Relevant SRA-2 milestones: M-ALG-1, M-ALG-2, M-ALG-8, M-ALG-9.
Extreme-scale Demonstrators:
- ESCAPE-2 will play an important role in defining a key European weather and climate prediction application benchmark (HPCW) for Extreme-scale Demonstrators. ESCAPE-2 will further develop the dwarf concept pioneered in ESCAPE and the Kronos workload simulator to generate ready-to-use applications for co-design projects (e.g. EuroEXA, NextGenIO) and Extreme-scale Demonstrators. The inclusion of the ICON and NEMO models and the establishment of a weather & climate specific DSL concept --- to allow the implementation of novel mathematical concepts and algorithms across models and hardware platforms --- prepares the weather and climate applications for deployment on the Extreme-scale Demonstrators. The combined outcomes of ESCAPE, NextGenIO, EuroEXA and ESCAPE-2 will be readily available in phase B of the demonstrators.
Ecosystem at large - stakeholders and initiatives:
- European Extreme Data and Computing Initiative: Weather and climate prediction represents a dedicated application area within the current EXDCI project (its work package 3), co-led by an ESCAPE-2 partner institute (CMCC). ESCAPE-2 will impact the definition of the science case for the weather and climate community and act as a focal point for the transition of community models to the exascale with the centre of excellence (ESiWACE) as a dissemination hub. Note that ESCAPE-2 will be the only core development project supporting this transition within FET.
- Centres of Excellence in Computing Applications: ESCAPE-2 develops user-driven application components that provide scalable benchmarks for weather and climate prediction. This will be used to support the definition of the use cases that represent the grand science challenges addressed by the weather and climate prediction centre of excellence ESiWACE (and its potential successor). ESCAPE-2 partners comprise the ESiWACE co-leading institutes (DKRZ and ECMWF), and key partners (MPIM, CMCC, BSC, BULL). ESCAPE-2 will be instrumental in defining the scope of community models supported by future centres of excellence acting on behalf of the weather and climate prediction community.

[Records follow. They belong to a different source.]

(* Let $X=X(\Delta)$ be a smooth projective toric variety of dimension $n$ with rays $\rho_1,\dots,\rho_{n+r}$, and suppose there is a maximal cone $\sigma_0$ with $\sigma_0(1)=\{\rho_1,\dots,\rho_n\}$ such that $$\rho_{n+j}+\sum_{i=1}^n\mathfrak{b}_{i,j}\rho_i=0\qquad(1\le j\le r)$$ with all $\mathfrak{b}_{i,j}\in\mathbb{Z}_{\ge0}$; call this positive relation $\mathcal{P}_{n+j}$. Let $D=\sum_{i=1}^{n+r}\mathfrak{a}_iD_{\rho_i}$ with $L=\mathcal{O}_X(D)$ globally generated, and let $\beta$ be the minimal $L$-degree of centred primitive relations. Then for all $1\le i_0\le n$, $1\le j_0\le r$, $$\deg_L(\mathcal{P}_{n+j_0})=\mathfrak{a}_{n+j_0}+\sum_{i=1}^n\mathfrak{a}_i\mathfrak{b}_{i,j_0}\ge\mathfrak{b}_{i_0,j_0}\beta.$$ If $L$ is ample and there exists $i_0\in\{1,\dots,n\}$ such that $\rho_{i_0}$ belongs to no centred primitive collection of $L$-degree $\beta$, then for this $i_0$ and all $1\le j_0\le r$ the inequality is strict: $\mathfrak{a}_{n+j_0}+\sum_{i=1}^n\mathfrak{a}_i\mathfrak{b}_{i,j_0}>\mathfrak{b}_{i_0,j_0}\beta$. Likewise, if $L$ is ample and there exists $j_0\in\{1,\dots,r\}$ such that $\rho_{n+j_0}$ belongs to no centred primitive collection of $L$-degree $\beta$, then for this $j_0$ and all $1\le i_0\le n$ the inequality is strict.
   Context: Rays are identified with primitive generators; $D_\rho$ is the torus-invariant divisor of $\rho$. For $D=\sum a_\rho D_\rho$, $\phi_D$ is the piecewise linear function equal on each maximal cone $\sigma$ to $\langle m_D(\sigma),\cdot\rangle$ with $\langle m_D(\sigma),\rho\rangle=-a_\rho$ for $\rho\in\sigma(1)$; the $L$-degree of a relation $\sum c_\rho\rho=0$ is $-\sum c_\rho\phi_D(\rho)$. A primitive collection is a set of rays not generating a cone of $\Delta$ while every proper subset does; it is centred if its elements sum to $0$, and $\sum_{\rho\in\mathcal{I}}\rho=0$ is then a centred primitive relation, whose $L$-degree is the $L$-degree of the collection. *)

theory Defs
  imports "HOL-Analysis.Analysis"
begin
lemma tensor_state_inner:
  fixes v :: "'b::euclidean_space \<Rightarrow> 'a::euclidean_space"
  assumes "linear v" "v ` dual_cone D \<subseteq> C" "inner uA (v uB) = 1"
  shows "tensor_state D uB C uA (\<lambda>b a. inner (v b) a)"
  unfolding tensor_state_def max_tensor_def
proof (intro conjI CollectI ballI)
  show "bilinear (\<lambda>b a. inner (v b) a)"
    using assms(1) by (simp add: bilinear_def linear_iff inner_add_left inner_add_right)
  fix b a assume "b \<in> dual_cone D" "a \<in> dual_cone C"
  then have "0 \<le> inner a (v b)"
    using assms(2) by (auto simp: dual_cone_def)
  then show "0 \<le> inner (v b) a"
    by (simp add: inner_commute)
qed (use assms(3) in \<open>simp add: inner_commute\<close>)

lemma homogeneous_imp_isomorphism_state:
  assumes "homogeneous C" "order_iso \<theta> (dual_cone D) C" "uB \<in> interior (dual_cone D)"
    and "normalized_state C uA \<alpha>" "\<alpha> \<in> interior C"
  shows "\<exists>\<omega>. tensor_state D uB C uA \<omega> \<and> order_iso (omega_hat \<omega>) (dual_cone D) C
           \<and> omega_hat \<omega> uB = \<alpha>"
proof -
  have "\<theta> uB \<in> interior C"
    using assms(3) order_iso_interior[OF assms(2)] by blast
  then obtain g where g: "order_iso g C C" "g (\<theta> uB) = \<alpha>"
    using assms(1,5) unfolding homogeneous_def by blast
  define v where "v = g \<circ> \<theta>"
  have v: "order_iso v (dual_cone D) C"
    unfolding v_def using assms(2) g(1) by (rule order_iso_comp)
  have state: "tensor_state D uB C uA (\<lambda>b a. inner (v b) a)"
  proof (rule tensor_state_inner)
    show "linear v"
      using v by (simp add: order_iso_def)
    show "v ` dual_cone D \<subseteq> C"
      using order_iso_image[OF v] by simp
    show "inner uA (v uB) = 1"
      using assms(4) g(2) by (simp add: v_def normalized_state_def)
  qed
  have "v uB = \<alpha>"
    using g(2) by (simp add: v_def)
  with state v show ?thesis
    by (intro exI[of _ "\<lambda>b a. inner (v b) a"]) (simp add: omega_hat_inner)
qed
lemma gap_kernel_neq_on_distinct_cells:
  assumes "0 < eps0" and "eps0 < 1" and "p \<in> cells d eps0" and "q \<in> cells d eps0" and "p \<noteq> q"
    and "x \<in> p" and "y \<in> q" and "enat d \<le> c" and "0 < eps" and "eps < 1"
  shows "gap_kernel eps c x \<noteq> gap_kernel eps c y"
proof -
  have x: "x \<in> bdry d" "p = truncation_fibre d (truncate_gaps 0 x)"
    and y: "y \<in> bdry d" "q = truncation_fibre d (truncate_gaps 0 y)"
    using cell_eq_truncation_fibre assms by blast+
  then have "1 \<le> d" and "length x = length y"
    by (auto simp: bdry_def)
  with x y assms(5,8-10) show ?thesis
    by (auto simp: gap_kernel_eq_iff_truncate_gaps_eq length_bdry)
qed

definition tight_coords :: "nat list \<Rightarrow> nat set" where
  "tight_coords x = {i \<in> {1..length x}. coord x i \<le> load_bound 0 (take (i - 1) x)}"

lemma tight_coords_subset: "tight_coords x \<subseteq> {1..length x}"
  by (auto simp: tight_coords_def)

lemma truncation_fibre_eq:
  assumes x: "truncate_gaps 0 x = x" and len: "length x = d - 1"
  shows "truncation_fibre d x = {y \<in> bdry d. (\<forall>i\<in>tight_coords x. coord y i = coord x i)
                                 \<and> (\<forall>i\<in>{1..d-1} - tight_coords x. coord x i \<le> coord y i)}"
proof -
  have "truncate_gaps 0 y = x \<longleftrightarrow> (\<forall>i\<in>tight_coords x. coord y i = coord x i)
                                 \<and> (\<forall>i\<in>{1..d-1} - tight_coords x. coord x i \<le> coord y i)"
    if "y \<in> bdry d" for y
  proof -
    let ?P = "\<lambda>k. if x ! k \<le> load_bound 0 (take k x) then y ! k = x ! k else x ! k \<le> y ! k"
    have "truncate_gaps 0 y = x \<longleftrightarrow> (\<forall>k<d - 1. ?P k)"
      using truncate_gaps_eq_iff[OF x] that len by (simp add: length_bdry)
    also have "\<dots> \<longleftrightarrow> (\<forall>i\<in>Suc ` {..<d - 1}. ?P (i - 1))"
      by auto
    also have "\<dots> \<longleftrightarrow> (\<forall>i\<in>{1..d-1}. if i \<in> tight_coords x then coord y i = coord x i
                                    else coord x i \<le> coord y i)"
      by (simp add: image_Suc_lessThan tight_coords_def coord_def len)
    finally show ?thesis
      using tight_coords_subset[of x] len by auto
  qed
  then show ?thesis
    by (auto simp: truncation_fibre_def)
qed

ETP4HPC SRA, Completing the value chain:
- ECMWF combines advanced research and operational applications which benefits both the application and service layers spanned by ECMWF (including Copernicus services), its member states and ESCAPE-2 project partners as they represent a significant portion of the European weather and climate forecasting community. The push-through of the envisaged ESCAPE-2 developments follows the same impact route. While the ETP4HPC SRA focuses its recommendations on the industrial impact, a similar value-chain template applies to environmental application and service provision.